■ Directions for this task
Return every line of the data that contains the string "unfolding".

■ Stored items
(* For every extreme point $x$ of $\mathbf{S}$ there exists a non-uniformly stable matching $\mu$ in $G$ with $\chi_\mu=x$.
   Context: Setting: $G=(V,E)$ is a finite simple bipartite graph with $V=V_1\sqcup V_2$, every edge joining a vertex of $V_1$ to a vertex of $V_2$; an edge is identified with the set of its two endpoints. $E$ is partitioned into $E_1,E_2$. For $F\subseteq E$ and $v\in V$, $F(v)$ is the set of edges of $F$ incident to $v$. For every $v\in V$ there is a transitive and complete binary relation $\succsim_v$ on $E(v)\cup\{\emptyset\}$ with $e\succsim_v\emptyset$ and $\emptyset\not\succsim_v e$ for all $e\in E(v)$; $\succ_v$ and $\sim_v$ are its strict and indifference parts. A matching is $\mu\subseteq E$ with $|\mu(v)|\le1$ for all $v$; $\mu(v)$ denotes the edge of $\mu$ at $v$, or $\emptyset$. An edge $e\in E\setminus\mu$ weakly blocks $\mu$ if $e\succsim_v\mu(v)$ for every $v\in e$; it strongly blocks $\mu$ if additionally $e\succ_w\mu(w)$ for some $w\in e$. $\mu$ is non-uniformly stable if no edge of $E_1\setminus\mu$ weakly blocks $\mu$ and no edge of $E_2\setminus\mu$ strongly blocks $\mu$. For $x\in\mathbb{R}^E$, $x(F)=\sum_{e\in F}x(e)$; $\chi_F$ is the characteristic vector of $F$. $E[\succ_v e]=\{f\in E(v): f\succ_v e\}$, $E[\sim_v e]=\{f\in E(v): f\sim_v e\}$. $\mathbf{S}$ is the set of $x\in\mathbb{R}_+^E$ with (1) $x(E(v))\le1$ for all $v\in V$; (2) $x(e)+\sum_{v\in e}x(E[\succ_v e])\ge1$ for all $e\in E_1$; (3) $x(E[\sim_v e])+\sum_{w\in e}x(E[\succ_w e])\ge1$ for all $e\in E_2$, $v\in e$. *)

theory Defs
  imports "HOL-Analysis.Analysis"
begin

text \<open>Vertices have type 'v; an edge is the set of its two endpoints (type 'v set).
  The empty set {} plays the role of the symbol for "unmatched".
  Preferences: R v a b means a is weakly preferred to b by v.\<close>

definition bip_graph :: "'v set \<Rightarrow> 'v set \<Rightarrow> 'v set set \<Rightarrow> bool" where
  "bip_graph V1 V2 E \<longleftrightarrow> finite V1 \<and> finite V2 \<and> V1 \<inter> V2 = {} \<and>
     E \<subseteq> {{a, b} | a b. a \<in> V1 \<and> b \<in> V2}"

definition inc :: "'v set set \<Rightarrow> 'v \<Rightarrow> 'v set set" where
  "inc F v = {e \<in> F. v \<in> e}"

definition strict :: "('v \<Rightarrow> 'v set \<Rightarrow> 'v set \<Rightarrow> bool) \<Rightarrow> 'v \<Rightarrow> 'v set \<Rightarrow> 'v set \<Rightarrow> bool" where
  "strict R v a b \<longleftrightarrow> R v a b \<and> \<not> R v b a"

definition pref_ok :: "'v set \<Rightarrow> 'v set set \<Rightarrow> ('v \<Rightarrow> 'v set \<Rightarrow> 'v set \<Rightarrow> bool) \<Rightarrow> bool" where
  "pref_ok V E R \<longleftrightarrow> (\<forall>v\<in>V. let D = inc E v \<union> {{}} in
      (\<forall>a\<in>D. \<forall>b\<in>D. R v a b \<or> R v b a) \<and>
      (\<forall>a\<in>D. \<forall>b\<in>D. \<forall>c\<in>D. R v a b \<longrightarrow> R v b c \<longrightarrow> R v a c) \<and>
      (\<forall>e\<in>inc E v. R v e {} \<and> \<not> R v {} e))"

definition matching :: "'v set set \<Rightarrow> 'v set set \<Rightarrow> bool" where
  "matching E \<mu> \<longleftrightarrow> \<mu> \<subseteq> E \<and> (\<forall>v. card (inc \<mu> v) \<le> 1)"

definition mu_at :: "'v set set \<Rightarrow> 'v \<Rightarrow> 'v set" where
  "mu_at \<mu> v = (if \<exists>e\<in>\<mu>. v \<in> e then (THE e. e \<in> \<mu> \<and> v \<in> e) else {})"

definition weakly_blocks :: "('v \<Rightarrow> 'v set \<Rightarrow> 'v set \<Rightarrow> bool) \<Rightarrow> 'v set set \<Rightarrow> 'v set \<Rightarrow> bool" where
  "weakly_blocks R \<mu> e \<longleftrightarrow> e \<notin> \<mu> \<and> (\<forall>v\<in>e. R v e (mu_at \<mu> v))"

definition strongly_blocks :: "('v \<Rightarrow> 'v set \<Rightarrow> 'v set \<Rightarrow> bool) \<Rightarrow> 'v set set \<Rightarrow> 'v set \<Rightarrow> bool" where
  "strongly_blocks R \<mu> e \<longleftrightarrow> weakly_blocks R \<mu> e \<and> (\<exists>w\<in>e. strict R w e (mu_at \<mu> w))"

definition nonuniformly_stable ::
  "'v set set \<Rightarrow> 'v set set \<Rightarrow> ('v \<Rightarrow> 'v set \<Rightarrow> 'v set \<Rightarrow> bool) \<Rightarrow> 'v set set \<Rightarrow> bool" where
  "nonuniformly_stable E1 E2 R \<mu> \<longleftrightarrow> matching (E1 \<union> E2) \<mu> \<and>
     (\<forall>e\<in>E1 - \<mu>. \<not> weakly_blocks R \<mu> e) \<and>
     (\<forall>e\<in>E2 - \<mu>. \<not> strongly_blocks R \<mu> e)"

definition better :: "'v set set \<Rightarrow> ('v \<Rightarrow> 'v set \<Rightarrow> 'v set \<Rightarrow> bool) \<Rightarrow> 'v \<Rightarrow> 'v set \<Rightarrow> 'v set set" where
  "better E R v e = {f \<in> inc E v. strict R v f e}"

definition indiff :: "'v set set \<Rightarrow> ('v \<Rightarrow> 'v set \<Rightarrow> 'v set \<Rightarrow> bool) \<Rightarrow> 'v \<Rightarrow> 'v set \<Rightarrow> 'v set set" where
  "indiff E R v e = {f \<in> inc E v. R v f e \<and> R v e f}"

text \<open>The polytope S, as a subset of R^E; vectors in R^E are represented as functions
  'v set \<Rightarrow> real vanishing outside E.\<close>
definition S_poly :: "'v set \<Rightarrow> 'v set set \<Rightarrow> 'v set set \<Rightarrow> ('v \<Rightarrow> 'v set \<Rightarrow> 'v set \<Rightarrow> bool)
     \<Rightarrow> ('v set \<Rightarrow> real) set" where
  "S_poly V E1 E2 R = {x.
     (\<forall>e. e \<notin> E1 \<union> E2 \<longrightarrow> x e = 0) \<and>
     (\<forall>e\<in>E1 \<union> E2. 0 \<le> x e) \<and>
     (\<forall>v\<in>V. sum x (inc (E1 \<union> E2) v) \<le> 1) \<and>
     (\<forall>e\<in>E1. x e + (\<Sum>v\<in>e. sum x (better (E1 \<union> E2) R v e)) \<ge> 1) \<and>
     (\<forall>e\<in>E2. \<forall>v\<in>e. sum x (indiff (E1 \<union> E2) R v e)
                      + (\<Sum>w\<in>e. sum x (better (E1 \<union> E2) R w e)) \<ge> 1)}"

definition extreme_pt :: "('a \<Rightarrow> real) \<Rightarrow> ('a \<Rightarrow> real) set \<Rightarrow> bool" where
  "extreme_pt x P \<longleftrightarrow> x \<in> P \<and>
     (\<forall>y\<in>P. \<forall>z\<in>P. \<forall>t::real. 0 < t \<and> t < 1 \<and> x = (\<lambda>e. t * y e + (1 - t) * z e) \<longrightarrow> y = z)"

end

theory Submission
  imports Defs
begin

text \<open>Summing the constraints of S against x itself shows that every vertex carrying
  weight is saturated and every positive edge satisfies its stability constraint with
  equality.  At its \<open>V1\<close>-end a positive edge e then occupies the interval from
  \<open>x(E[\<succ> e])\<close> to \<open>x(E[\<succ> e]) + x(E[\<sim> e])\<close> inside \<open>[0, 1]\<close>, and tightness makes its
  \<open>V2\<close>-end see the mirror image of that interval.  Cutting all intervals at a level
  \<open>\<theta>\<close> writes x as a convex combination of two points of S, so at an extreme point no
  interval can be cut: all positive edges at a vertex are tied and top-ranked.  In this
  degenerate situation the fractional edges have minimum degree two, hence contain an
  even cycle, and alternating \<open>\<plusminus>\<epsilon>\<close> along it stays inside S.  So extreme points are
  integral, and the support of an integral point of S is a non-uniformly stable matching.\<close>

lemma extreme_ptD:
  assumes "extreme_pt x P" and "y \<in> P" and "z \<in> P" and "0 < t" and "t < 1"
    and "x = (\<lambda>e. t * y e + (1 - t) * z e)"
  shows "y = z"
proof -
  have h: "\<forall>y\<in>P. \<forall>z\<in>P. \<forall>t::real. 0 < t \<and> t < 1 \<and> x = (\<lambda>e. t * y e + (1 - t) * z e) \<longrightarrow> y = z"
    using assms(1) unfolding extreme_pt_def by (rule conjunct2)
  have "0 < t \<and> t < 1 \<and> x = (\<lambda>e. t * y e + (1 - t) * z e) \<longrightarrow> y = z"
    using spec[where x = t, OF bspec[OF bspec[OF h assms(2)] assms(3)]] .
  then show ?thesis by (rule mp) (intro conjI assms(4-6))
qed

lemma extreme_pt_symmetric_perturbation:
  assumes "extreme_pt x P" and "(\<lambda>e. x e + d e) \<in> P" and "(\<lambda>e. x e - d e) \<in> P"
  shows "d = (\<lambda>_. 0)"
proof -
  have x_eq: "x = (\<lambda>e. 1/2 * (x e + d e) + (1 - 1/2) * (x e - d e))"
    by (rule ext) (simp add: field_simps)
  have "(\<lambda>e. x e + d e) = (\<lambda>e. x e - d e)"
    by (rule extreme_ptD[OF assms _ _ x_eq]) simp_all
  then show ?thesis by (simp add: fun_eq_iff)
qed

lemma mu_at_eqI:
  assumes "card (inc \<mu> v) \<le> 1" and "finite (inc \<mu> v)" and f: "f \<in> \<mu>" "v \<in> f"
  shows "mu_at \<mu> v = f"
proof -
  have all: "\<forall>a\<in>inc \<mu> v. \<forall>b\<in>inc \<mu> v. a = b"
    using card_le_Suc0_iff_eq[OF assms(2)] assms(1) by simp
  have uniq: "g = f" if "g \<in> \<mu>" "v \<in> g" for g
  proof -
    have "g \<in> inc \<mu> v" "f \<in> inc \<mu> v" using that f by (simp_all add: inc_def)
    then show ?thesis using all by blast
  qed
  have "(THE e. e \<in> \<mu> \<and> v \<in> e) = f"
    by (rule the_equality) (use f uniq in blast)+
  moreover have "\<exists>e\<in>\<mu>. v \<in> e" using f by blast
  ultimately show ?thesis unfolding mu_at_def by simp
qed

section \<open>Circulations on even cycles of a bipartite graph\<close>

definition alternating :: "(nat \<Rightarrow> 'v) \<Rightarrow> nat \<Rightarrow> 'v set \<Rightarrow> real" where
  "alternating c n e = (\<Sum>k<n. (-1)^k * (if e = {c k, c (Suc k)} then 1 else 0))"

locale bipartite =
  fixes V1 V2 :: "'v set" and E :: "'v set set"
  assumes bip: "bip_graph V1 V2 E"
begin

lemma finite_vertices: "finite (V1 \<union> V2)"
  using bip by (auto simp: bip_graph_def)

lemma disjoint_sides: "V1 \<inter> V2 = {}"
  using bip by (auto simp: bip_graph_def)

lemma finite_edges: "finite E"
proof (rule finite_subset)
  show "E \<subseteq> (\<lambda>(a, b). {a, b}) ` (V1 \<times> V2)"
    using bip by (auto simp: bip_graph_def)
  show "finite ((\<lambda>(a, b). {a, b}) ` (V1 \<times> V2))"
    using bip by (auto simp: bip_graph_def)
qed

lemma edgeE:
  assumes "e \<in> E"
  obtains a b where "e = {a, b}" "a \<in> V1" "b \<in> V2" "a \<noteq> b"
proof -
  from assms bip obtain a b where "e = {a, b}" "a \<in> V1" "b \<in> V2"
    by (auto simp: bip_graph_def)
  moreover from this have "a \<noteq> b" using disjoint_sides by auto
  ultimately show thesis using that by blast
qed

lemma edge_ends_distinct: "{a, b} \<in> E \<Longrightarrow> a \<noteq> b"
  by (erule edgeE) (auto simp: doubleton_eq_iff)

lemma edge_vertex: "e \<in> E \<Longrightarrow> v \<in> e \<Longrightarrow> v \<in> V1 \<union> V2"
  by (erule edgeE) auto

lemma finite_inc: "finite (inc E v)"
  using finite_edges by (auto simp: inc_def)

lemma inc_outside: "v \<notin> V1 \<union> V2 \<Longrightarrow> inc E v = {}"
  using edge_vertex by (auto simp: inc_def)

lemma sum_edges_vertices:
  "(\<Sum>e\<in>E. \<Sum>v\<in>e. g v e) = (\<Sum>v\<in>V1 \<union> V2. \<Sum>e\<in>inc E v. g v e)"
proof -
  have "(\<Sum>v\<in>V1 \<union> V2. \<Sum>e\<in>{e. e \<in> E \<and> v \<in> e}. g v e)
      = (\<Sum>e\<in>E. \<Sum>v\<in>{v. v \<in> V1 \<union> V2 \<and> v \<in> e}. g v e)"
    by (rule sum.swap_restrict[OF finite_vertices finite_edges])
  moreover have "{v. v \<in> V1 \<union> V2 \<and> v \<in> e} = e" if "e \<in> E" for e
    using edge_vertex[OF that] by auto
  ultimately show ?thesis by (simp add: inc_def)
qed

lemma walk_parity:
  assumes "\<And>k. {c k, c (Suc k)} \<in> E"
  shows "c k \<in> V1 \<longleftrightarrow> (c 0 \<in> V1 \<longleftrightarrow> even k)"
proof (induction k)
  case (Suc k)
  obtain a b where "{c k, c (Suc k)} = {a, b}" "a \<in> V1" "b \<in> V2" "a \<noteq> b"
    using assms by (rule edgeE)
  then have "c (Suc k) \<in> V1 \<longleftrightarrow> c k \<notin> V1"
    using disjoint_sides by (auto simp: doubleton_eq_iff)
  with Suc.IH show ?case by simp
qed simp

lemma alternating_inc_sum:
  assumes closed: "c n = c 0" and "even n" and steps: "\<And>k. {c k, c (Suc k)} \<in> E"
  shows "sum (alternating c n) (inc E v) = 0"
proof -
  define g where "g k = (-1)^k * (if v = c k then 1 else 0::real)" for k
  have "sum (alternating c n) (inc E v)
      = (\<Sum>k<n. \<Sum>e\<in>inc E v. (-1)^k * (if e = {c k, c (Suc k)} then 1 else 0::real))"
    unfolding alternating_def by (rule sum.swap)
  also have "\<dots> = (\<Sum>k<n. g k - g (Suc k))"
  proof (rule sum.cong[OF refl])
    fix k
    have "(\<Sum>e\<in>inc E v. (-1)^k * (if e = {c k, c (Suc k)} then 1 else 0::real))
        = (-1)^k * (if {c k, c (Suc k)} \<in> inc E v then 1 else 0)"
      by (simp add: sum_distrib_left[symmetric] finite_inc)
    also have "\<dots> = g k - g (Suc k)"
    proof -
      have "c k \<noteq> c (Suc k)" using steps[of k] by (rule edge_ends_distinct)
      moreover have "{c k, c (Suc k)} \<in> inc E v \<longleftrightarrow> v = c k \<or> v = c (Suc k)"
        using steps[of k] by (auto simp: inc_def)
      ultimately show ?thesis by (auto simp: g_def)
    qed
    finally show "(\<Sum>e\<in>inc E v. (-1)^k * (if e = {c k, c (Suc k)} then 1 else 0::real))
        = g k - g (Suc k)" .
  qed
  also have "\<dots> = g 0 - g n" by (rule sum_lessThan_telescope')
  also have "\<dots> = 0" using closed \<open>even n\<close> by (simp add: g_def)
  finally show ?thesis .
qed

■ Answer to the problem
    using assms(1) unfolding extreme_pt_def by (rule conjunct2)
  ultimately show ?thesis unfolding mu_at_def by simp
    unfolding alternating_def by (rule sum.swap)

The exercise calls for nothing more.